A luta dos Mundurukus contra a
invisibilidade.
por
Redação do Greenpeace
Indígena utiliza aparelho de GPS durante a
autodemarcação. Foto: © Greenpeace/Carol Quintanilha.
Enquanto o povo Munduruku realiza a autodemarcação
da Terra Indígena Sawré Muybu, ameaçada pela construção do complexo do Tapajós,
decisão do TRF vem na contramão e dificulta ainda mais o processo de demarcação
do local.
Empunhando foices, facões e aparelhos de GPS,
guerreiros Mundurukus limpam uma estreita faixa de floresta, no extremo norte
da Terra Indígena Sawré Muybu, demarcando por conta própria o limite de suas
terras.
No ato de tornar aparente a linha imaginária que
delimita o seu território de mais de 178 mil hectares, os Mundurukus tentam
escapar da invisibilidade que lhes tem sido imposta pelo governo – uma forma de
pedir não só o reconhecimento de sua existência, mas também de seus direitos.
A TI Sawré Muybu poderá ser alagada caso a usina
hidrelétrica São Luiz do Tapajós, a primeira do Complexo, cujo leilão está
previsto para o ano que vem – com potência de 8.040 MW -, torne-se realidade. A
demarcação, que se arrasta há mais de 13 anos e foi paralisada no ano passado,
seria uma forma de garantir a sua proteção e impedir que isso aconteça. De
acordo com o Artigo 231 da Constituição Federal, é vedada a remoção de grupos
indígenas de suas terras, salvo em caso de catástrofe ou epidemia que ponha em
risco sua população, e garantindo o retorno imediato logo que cesse o risco.
A luta entre a anta e o jabuti
“Nós não vamos sair”, diz o cacique Juarez Saw
Munduruku, da aldeia Sawré Muybu, contando uma estória da cosmologia de seu
povo em que um pequeno jabuti vence uma enorme anta, que simboliza o governo
impondo a construção da obra e desrespeitando os que moram ali. Assim Juarez
pede apoio à luta pela proteção do rio: “A anta é grande, mas, juntos, podemos
derrotá-la”, afirma ele.
O complexo do Tapajós prevê cinco hidrelétricas na
região, cuja soma da área dos reservatórios ultrapassa o tamanho da cidade de
São Paulo. Mas, no lugar de uma selva de pedras, a área a ser coberta pela água
é rica em biodiversidade e abriga uma das principais porções de floresta
intacta do país, com unidades de conservação, terras indígenas e diversas
espécies ameaçadas de extinção. Isso sem falar nos povos indígenas e
ribeirinhos que vivem no local.
Após análise do Estudo de Componente indígena que
integra o Estudo de Impacto Ambiental da hidrelétrica de São Luiz do Tapajós,
servidores públicos da Funai concluíram pela inviabilidade do empreendimento,
visto que a obra incidiria sobre terra indígena em processo de regularização.

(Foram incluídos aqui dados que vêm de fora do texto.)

lemma inj_on_image_block_derangements:
  "inj_on (\<lambda>p. p ` {1..l1}) (block_derangements l1 l2)"
proof (rule inj_onI, rule ext)
  let ?A = "{1..l1}" and ?B = "{l1+1..l1+l2}" and ?U = "{1..l1+l2}"
  fix p q x
  assume p: "p \<in> block_derangements l1 l2" and q: "q \<in> block_derangements l1 l2"
    and A: "p ` ?A = q ` ?A"
  have perm: "p permutes ?U" "q permutes ?U" using p q by (simp_all add: block_derangements_iff)
  then have B: "p ` ?B = q ` ?B"
    using A permutes_image_upper_block[OF perm(1)] permutes_image_upper_block[OF perm(2)] by simp
  have "?U = ?A \<union> ?B" by auto
  then consider "x \<in> ?A" | "x \<in> ?B" | "x \<notin> ?U" by blast
  then show "p x = q x"
  proof cases
    case 1
    then have "top_rank (p ` ?A) (p x) = x" "top_rank (p ` ?A) (q x) = x"
      using p q A by (auto simp: block_derangements_iff)
    then have "top_rank (p ` ?A) (p x) = top_rank (p ` ?A) (q x)" by simp
    moreover have "inj_on (top_rank (p ` ?A)) (p ` ?A)" by (simp add: inj_on_top_rank)
    ultimately show ?thesis using 1 A by (metis inj_onD imageI)
  next
    case 2
    then have "l1 + top_rank (p ` ?B) (p x) = x" "l1 + top_rank (p ` ?B) (q x) = x"
      using p q B by (auto simp: block_derangements_iff)
    then have "top_rank (p ` ?B) (p x) = top_rank (p ` ?B) (q x)" by simp
    moreover have "inj_on (top_rank (p ` ?B)) (p ` ?B)" by (simp add: inj_on_top_rank)
    ultimately show ?thesis using 2 B by (metis inj_onD imageI)
  qed (use perm permutes_not_in in metis)
qed

lemma bij_betw_block_derangements_avoiding_splits:
  "bij_betw (\<lambda>p. p ` {1..l1}) (block_derangements l1 l2) (avoiding_splits l1 l2)"
  unfolding bij_betw_def
  using inj_on_image_block_derangements image_block_derangement_mem
    avoiding_split_image_block_derangement by blast

text \<open>A set S in avoiding_splits with k elements in the upper block {l1+1..l1+l2} is encoded
  by its lower part S \<inter> {1..l1} and by the gaps {l1+1..l1+l2} - S of the upper block.\<close>
definition low_parts :: "nat \<Rightarrow> nat \<Rightarrow> nat set set" where
  "low_parts l1 k = {X. X \<subseteq> {1..l1} \<and> card X + k = l1 \<and> rank_avoiding (int k) X}"

definition high_gaps :: "nat \<Rightarrow> nat \<Rightarrow> nat \<Rightarrow> nat set set" where
  "high_gaps l1 l2 k = {Y. Y \<subseteq> {l1+1..l1+l2} \<and> card Y + k = l2 \<and> rank_avoiding (int l1) Y}"

lemma card_low_parts: "int (card (low_parts l1 k)) = avoid_count l1 k"
proof (cases "k \<le> l1")
  case True
  then have "low_parts l1 k = {X. X \<subseteq> {1..l1} \<and> card X = l1 - k \<and> rank_avoiding (int k) X}"
    unfolding low_parts_def by auto
  then show ?thesis
    using True num_avoiding_offset_complement by (simp add: avoid_count_def num_avoiding_def)
qed (auto simp: low_parts_def avoid_count_def)

lemma card_high_gaps: "int (card (high_gaps l1 l2 k)) = avoid_count l2 k"
proof (cases "k \<le> l2")
  case True
  then have "high_gaps l1 l2 k
      = {Y. Y \<subseteq> {l1+1..l1+l2} \<and> card Y = l2 - k \<and> rank_avoiding (int l1) Y}"
    unfolding high_gaps_def by auto
  then show ?thesis
    using True num_avoiding_interval_shift[of l1 l2 "l2 - k" "int l1"] by (simp add: avoid_count_def)
qed (auto simp: high_gaps_def avoid_count_def)

lemma top_rank_split_low:
  assumes "S \<subseteq> {1..l1+l2}" "v \<le> l1"
  shows "top_rank S v = card (S \<inter> {l1+1..l1+l2}) + top_rank (S \<inter> {1..l1}) v"
proof -
  have "{u\<in>S. v \<le> u} = (S \<inter> {l1+1..l1+l2}) \<union> {u\<in>S \<inter> {1..l1}. v \<le> u}"
    using assms by auto
  moreover have "(S \<inter> {l1+1..l1+l2}) \<inter> {u\<in>S \<inter> {1..l1}. v \<le> u} = {}" by auto
  moreover have "finite S" using assms(1) finite_subset by blast
  ultimately show ?thesis unfolding top_rank_def by (simp add: card_Un_disjoint)
qed

lemma top_rank_split_high:
  assumes "S \<subseteq> {1..l1+l2}" "l1 < v"
  shows "top_rank S v = top_rank (S \<inter> {l1+1..l1+l2}) v"
proof -
  have "{u\<in>S. v \<le> u} = {u\<in>S \<inter> {l1+1..l1+l2}. v \<le> u}" using assms by auto
  then show ?thesis unfolding top_rank_def by simp
qed

text \<open>Elements above l1 cannot violate the condition, since their top rank is at most card S = l1.\<close>
lemma rank_avoiding_0_iff_low:
  assumes "S \<subseteq> {1..l1+l2}" "card S = l1"
  shows "rank_avoiding 0 S \<longleftrightarrow> rank_avoiding (int (card (S \<inter> {l1+1..l1+l2}))) (S \<inter> {1..l1})"
proof -
  have fS: "finite S" using assms finite_subset by blast
  have "0 + int (top_rank S v) \<noteq> int v \<longleftrightarrow>
      int (card (S \<inter> {l1+1..l1+l2})) + int (top_rank (S \<inter> {1..l1}) v) \<noteq> int v"
    if "v \<in> S" "v \<le> l1" for v
    using top_rank_split_low[OF assms(1) that(2)] by simp
  moreover have "0 + int (top_rank S v) \<noteq> int v" if "v \<in> S" "\<not> v \<le> l1" for v
    using top_rank_le_card[OF fS, of v] assms(2) that by simp
  moreover have "v \<in> S \<inter> {1..l1} \<longleftrightarrow> v \<in> S \<and> v \<le> l1" for v using assms(1) by auto
  ultimately show ?thesis unfolding rank_avoiding_def by metis
qed

lemma rank_avoiding_iff_high:
  assumes "T \<subseteq> {1..l1+l2}"
  shows "rank_avoiding (int l1) T \<longleftrightarrow> rank_avoiding (int l1) (T \<inter> {l1+1..l1+l2})"
proof -
  have fT: "finite T" using assms finite_subset by blast
  have "int l1 + int (top_rank T v) \<noteq> int v" if "v \<in> T" "v \<le> l1" for v
    using top_rank_pos[OF fT that(1)] that(2) by simp
  moreover have "top_rank T v = top_rank (T \<inter> {l1+1..l1+l2}) v" if "\<not> v \<le> l1" for v
    using top_rank_split_high[OF assms] that by simp
  moreover have "v \<in> T \<inter> {l1+1..l1+l2} \<longleftrightarrow> v \<in> T \<and> \<not> v \<le> l1" for v using assms by auto
  ultimately show ?thesis unfolding rank_avoiding_def by metis
qed

lemma avoiding_split_parts:
  assumes "S \<in> avoiding_splits l1 l2"
  defines "k \<equiv> card (S \<inter> {l1+1..l1+l2})"
  shows "S \<inter> {1..l1} \<in> low_parts l1 k" "{l1+1..l1+l2} - S \<in> high_gaps l1 l2 k"
proof -
  let ?B = "{l1+1..l1+l2}"
  have S: "S \<subseteq> {1..l1+l2}" "card S = l1" "rank_avoiding 0 S"
    "rank_avoiding (int l1) ({1..l1+l2} - S)" using assms(1) by (auto simp: avoiding_splits_def)
  have "S = (S \<inter> {1..l1}) \<union> (S \<inter> ?B)" using S(1) by auto
  also have "card \<dots> = card (S \<inter> {1..l1}) + k"
    unfolding k_def by (rule card_Un_disjoint) auto
  finally have "card S = card (S \<inter> {1..l1}) + k" .
  then show "S \<inter> {1..l1} \<in> low_parts l1 k"
    using S rank_avoiding_0_iff_low[OF S(1,2)] by (simp add: low_parts_def k_def)
  have "card (?B - S) + k = l2"
  proof -
    have "k \<le> card ?B" unfolding k_def by (rule card_mono) auto
    then show ?thesis unfolding k_def by (simp add: card_Diff_subset_Int Int_commute)
  qed
  moreover have "({1..l1+l2} - S) \<inter> ?B = ?B - S" by auto
  ultimately show "?B - S \<in> high_gaps l1 l2 k"
    using S(4) rank_avoiding_iff_high[of "{1..l1+l2} - S" l1 l2] by (simp add: high_gaps_def)
qed

lemma avoiding_split_of_parts:
  assumes "X \<in> low_parts l1 k" "Y \<in> high_gaps l1 l2 k"
  shows "X \<union> ({l1+1..l1+l2} - Y) \<in> avoiding_splits l1 l2"
proof -
  let ?B = "{l1+1..l1+l2}" and ?S = "X \<union> ({l1+1..l1+l2} - Y)"
  have X: "X \<subseteq> {1..l1}" "card X + k = l1" "rank_avoiding (int k) X"
    using assms(1) by (auto simp: low_parts_def)
  have Y: "Y \<subseteq> ?B" "card Y + k = l2" "rank_avoiding (int l1) Y"
    using assms(2) by (auto simp: high_gaps_def)
  have S: "?S \<subseteq> {1..l1+l2}" using X by auto
  have "card (?B - Y) = k" using Y by (simp add: card_Diff_subset finite_subset)
  moreover have "card ?S = card X + card (?B - Y)"
    by (rule card_Un_disjoint) (use X finite_subset in auto)
  moreover have "?S \<inter> ?B = ?B - Y" "?S \<inter> {1..l1} = X" using X by auto
  ultimately have "card ?S = l1" "rank_avoiding 0 ?S"
    using X rank_avoiding_0_iff_low[OF S] by simp_all
  moreover have "({1..l1+l2} - ?S) \<inter> ?B = Y" using X Y by fastforce
  ultimately show ?thesis
    using Y(3) rank_avoiding_iff_high[of "{1..l1+l2} - ?S" l1 l2] S by (simp add: avoiding_splits_def)
qed

lemma bij_betw_avoiding_splits_parts:
  assumes "l2 < N"
  shows "bij_betw (\<lambda>S. (S \<inter> {1..l1}, {l1+1..l1+l2} - S)) (avoiding_splits l1 l2)
           (\<Union>k<N. low_parts l1 k \<times> high_gaps l1 l2 k)"
proof -
  let ?B = "{l1+1..l1+l2}" and ?f = "\<lambda>S. (S \<inter> {1..l1}, {l1+1..l1+l2} - S)"
  have "inj_on ?f (avoiding_splits l1 l2)"
  proof (rule inj_onI)
    fix S S' assume "S \<in> avoiding_splits l1 l2" "S' \<in> avoiding_splits l1 l2" "?f S = ?f S'"
    moreover have "S = (S \<inter> {1..l1}) \<union> (?B - (?B - S))" if "S \<in> avoiding_splits l1 l2" for S
      using that by (auto simp: avoiding_splits_def)
    ultimately show "S = S'" by (metis prod.inject)
  qed
  moreover have "?f S \<in> (\<Union>k<N. low_parts l1 k \<times> high_gaps l1 l2 k)"
    if S: "S \<in> avoiding_splits l1 l2" for S
  proof -
    have "card (S \<inter> ?B) \<le> l2" using card_mono[of ?B "S \<inter> ?B"] by auto
    then show ?thesis using avoiding_split_parts[OF S] assms by fastforce
  qed
  moreover have "P \<in> ?f ` avoiding_splits l1 l2"
    if "P \<in> (\<Union>k<N. low_parts l1 k \<times> high_gaps l1 l2 k)" for P
  proof -
    from that obtain k where "P \<in> low_parts l1 k \<times> high_gaps l1 l2 k" by blast
    then obtain X Y where P: "P = (X, Y)" and X: "X \<in> low_parts l1 k" and Y: "Y \<in> high_gaps l1 l2 k"
      by (cases P) simp
    have "X \<subseteq> {1..l1}" "Y \<subseteq> ?B" using X Y by (simp_all add: low_parts_def high_gaps_def)
    then have "(X \<union> (?B - Y)) \<inter> {1..l1} = X" "?B - (X \<union> (?B - Y)) = Y"
      by (auto simp: subset_eq) (metis not_less_eq_eq)
    then show ?thesis
      using avoiding_split_of_parts[OF X Y] unfolding P by (intro image_eqI[where x = "X \<union> (?B - Y)"]) simp_all
  qed
  ultimately show ?thesis unfolding bij_betw_def by blast
qed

Mas a decisão do Tribunal Regional Federal da 1ª
Região, de sustar o parecer da Justiça de Itaituba que obrigava a Funai a
publicar o relatório que confirma a ocupação tradicional pelos índios, vem
mostrar que as dificuldades que os Mundurukus enfrentarão estão só começando. O
documento que está parado, pronto desde 2013, é considerado fundamental ao
processo da demarcação.
“Para garantir a construção dessas hidrelétricas, o
governo vem ignorando sistematicamente a Constituição e negando aos Mundurukus
o direito de terem seu território demarcado. O Brasil pode deixar de construir
grandes hidrelétricas na Amazônia diversificando a matriz de energia e
investindo em fontes como energia eólica, solar e biomassa” afirma Danicley de
Aguiar, da Campanha da Amazônia do Greenpeace.
A demora na demarcação da terra indígena só
aprofunda os problemas causados pela invasão da Sawré Muybu, como explica o
cacique Munduruku: “Decidimos fazer isso porque somos ameaçados, tanto por
madeireiros, garimpeiros, como pela barragem que está se aproximando”, diz ele.
“O relatório afirma que pertence a nós e o governo sabe disso”.
O governo sabe, mas passa por cima
Os 12 mil Mundurukus que vivem ao longo das margens
do Tapajós são os povos originários dessa região, e, portanto, segundo a
Constituição brasileira, têm direito a ela. Para eles, Sawré Muybu é muito mais
que um simples pedaço de chão. É lá que eles têm a base de sua cultura e obtém
alimentos por meio da caça, da pesca e do roçado. O Rio Tapajós é tão importante
que, na cosmologia, faz parte até da história da própria criação desse povo.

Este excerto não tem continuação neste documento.